# Mousey next raiding :D



## Yorkshire_Rose (Aug 5, 2009)

Some pictures to keep you going.


----------



## Yorkshire_Rose (Aug 5, 2009)

Opps thats ment to say "nest" think i got a bit too excited and hit the wrong key


----------



## Guest (Jan 3, 2011)

SQUEEEEEEEEEEEEEEEEEEEEEEEEE


omg they are so cute. I can't wait to get these mice I'm expecting


----------



## Myth (Apr 5, 2009)

Lots of little eepers ! 

No patterned fuzzy hairless though ?


----------



## Yorkshire_Rose (Aug 5, 2009)

Myth said:


> Lots of little eepers !
> 
> No patterned fuzzy hairless though ?


Oi!

I have 1 :thumbup:

You just cant see her because shes mine :arf:

haha ill get a picture of her tomorrow.:lol:

O and shes broken blue hairless/fuzz at that too


----------



## Lil Miss (Dec 11, 2010)

SQUEEEEE lots of little meeces


----------



## momentofmadness (Jul 19, 2008)

What little sweeties.. I must resist.. :lol: 

Im just wondering do the hairless have bigger ears?


----------



## Yorkshire_Rose (Aug 5, 2009)

momentofmadness said:


> What little sweeties.. I must resist.. :lol:
> 
> Im just wondering do the hairless have bigger ears?

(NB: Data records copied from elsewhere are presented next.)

lemma BS_aut_adj: "BS_aut \<phi> \<Longrightarrow> BS_adj a b \<Longrightarrow> BS_adj (\<phi> a) (\<phi> b)"
  unfolding BS_aut_def using BS_adj_in_V by blast

lemma BS_aut_in_V: "BS_aut \<phi> \<Longrightarrow> a \<in> BS_V \<Longrightarrow> \<phi> a \<in> BS_V"
  unfolding BS_aut_def bij_betw_def by blast

lemma BS_aut_id: "BS_aut id"
  unfolding BS_aut_def by simp

lemma BS_aut_comp: "BS_aut \<phi> \<Longrightarrow> BS_aut \<psi> \<Longrightarrow> BS_aut (\<phi> \<circ> \<psi>)"
  unfolding BS_aut_def
  by (metis bij_betw_apply bij_betw_trans comp_apply)

lemma BS_aut_inv_into:
  assumes "BS_aut \<phi>"
  shows "BS_aut (inv_into BS_V \<phi>)" and "a \<in> BS_V \<Longrightarrow> inv_into BS_V \<phi> (\<phi> a) = a"
proof -
  have bij: "bij_betw \<phi> BS_V BS_V"
    and adj: "\<forall>a\<in>BS_V. \<forall>b\<in>BS_V. BS_adj (\<phi> a) (\<phi> b) \<longleftrightarrow> BS_adj a b"
    using assms unfolding BS_aut_def by auto
  let ?\<psi> = "inv_into BS_V \<phi>"
  have bij_inv: "bij_betw ?\<psi> BS_V BS_V" using bij by (rule bij_betw_inv_into)
  have "BS_adj (?\<psi> a) (?\<psi> b) \<longleftrightarrow> BS_adj a b" if "a \<in> BS_V" "b \<in> BS_V" for a b
    using adj bij_betw_apply[OF bij_inv] bij_betw_inv_into_right[OF bij] that by metis
  then show "BS_aut ?\<psi>" unfolding BS_aut_def using bij_inv by blast
  show "a \<in> BS_V \<Longrightarrow> ?\<psi> (\<phi> a) = a" using bij by (rule bij_betw_inv_into_left)
qed

lemma BS_aut_dist:
  assumes "BS_aut \<phi>" "a \<in> BS_V" "b \<in> BS_V"
  shows "BS_dist (\<phi> a) (\<phi> b) = BS_dist a b"
proof -
  let ?\<psi> = "inv_into BS_V \<phi>"
  have "(\<phi> a, \<phi> b) \<in> BS_edges ^^ n \<longleftrightarrow> (a, b) \<in> BS_edges ^^ n" for n
  proof
    assume "(\<phi> a, \<phi> b) \<in> BS_edges ^^ n"
    then have "(?\<psi> (\<phi> a), ?\<psi> (\<phi> b)) \<in> BS_edges ^^ n"
      by (rule relpow_image) (use BS_aut_adj BS_aut_inv_into(1)[OF assms(1)] in auto)
    then show "(a, b) \<in> BS_edges ^^ n" using BS_aut_inv_into(2)[OF assms(1)] assms(2,3) by simp
  qed (rule relpow_image, use BS_aut_adj assms(1) in auto)
  then show ?thesis unfolding BS_dist_def by simp
qed

lemma BS_aut_transport:
  assumes "BS_aut \<beta>" "BS_aut \<beta>'" "set ys \<subseteq> BS_V" "map \<beta> xs = map \<beta>' ys"
  shows "\<exists>\<phi>. BS_aut \<phi> \<and> map \<phi> xs = ys"
proof (intro exI conjI)
  let ?\<phi> = "inv_into BS_V \<beta>' \<circ> \<beta>"
  show "BS_aut ?\<phi>" using BS_aut_comp BS_aut_inv_into(1) assms(1,2) by blast
  have "map ?\<phi> xs = map (inv_into BS_V \<beta>') (map \<beta>' ys)" using assms(4) by (metis map_map)
  also have "\<dots> = ys" using BS_aut_inv_into(2)[OF assms(2)] assms(3) by (induction ys) auto
  finally show "map ?\<phi> xs = ys" .
qed

lemma BS_aut_if_maps_nbrs:
  assumes maps: "\<forall>a\<in>BS_V. \<phi> a \<in> BS_V \<and> \<psi> (\<phi> a) = a \<and>
                         (\<forall>b\<in>set (BS_nbrs a). \<phi> b \<in> set (BS_nbrs (\<phi> a)))"
  shows "BS_aut \<phi>"
proof -
  have inj: "inj_on \<phi> BS_V" using maps by (metis inj_on_inverseI)
  have into: "\<phi> ` BS_V \<subseteq> BS_V" using maps by auto
  have bij: "bij_betw \<phi> BS_V BS_V"
    using endo_inj_surj[OF finite_BS_V into inj] inj by (simp add: bij_betw_def)
  have nbrs_V: "set (BS_nbrs a) \<subseteq> BS_V" if "a \<in> BS_V" for a
    using that BS_adj_iff_nbrs BS_adj_in_V by blast
  have nbrs_image: "set (BS_nbrs (\<phi> a)) = \<phi> ` set (BS_nbrs a)" if a: "a \<in> BS_V" for a
  proof (rule card_seteq[symmetric])
    show "\<phi> ` set (BS_nbrs a) \<subseteq> set (BS_nbrs (\<phi> a))" using maps a by auto
    have "card (\<phi> ` set (BS_nbrs a)) = card (set (BS_nbrs a))"
      using card_image inj_on_subset[OF inj nbrs_V[OF a]] by blast
    also have "\<dots> = 3" using distinct_card[OF distinct_BS_nbrs[OF a]] length_BS_nbrs by simp
    finally show "card (set (BS_nbrs (\<phi> a))) \<le> card (\<phi> ` set (BS_nbrs a))"
      using card_length[of "BS_nbrs (\<phi> a)"] length_BS_nbrs by simp
  qed simp
  have "BS_adj (\<phi> a) (\<phi> b) \<longleftrightarrow> BS_adj a b" if a: "a \<in> BS_V" and b: "b \<in> BS_V" for a b
  proof -
    have "BS_adj (\<phi> a) (\<phi> b) \<longleftrightarrow> \<phi> b \<in> \<phi> ` set (BS_nbrs a)"
      using BS_adj_iff_nbrs nbrs_image[OF a] into a by auto
    also have "\<dots> \<longleftrightarrow> b \<in> set (BS_nbrs a)"
      using inj nbrs_V[OF a] b by (meson inj_on_image_mem_iff)
    finally show ?thesis using BS_adj_iff_nbrs a by simp
  qed
  then show ?thesis unfolding BS_aut_def using bij by blast
qed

I think they just appear to have bigger ears and smaller bodies.

Ive lost a few over these past month and they have gone down in size so im now reintroducing show type size mice back into their breeding to get them back up in size.


----------



## momentofmadness (Jul 19, 2008)

Yorkshire_Rose said:


> I think they just appear to have bigger ears and smaller bodies.
> 
> Ive lost a few over these past month and they have gone down in size so im now reintroducing show type size mice back into their breeding to get them back up in size.


So the tub you have them in do they all live in there or is it the play house?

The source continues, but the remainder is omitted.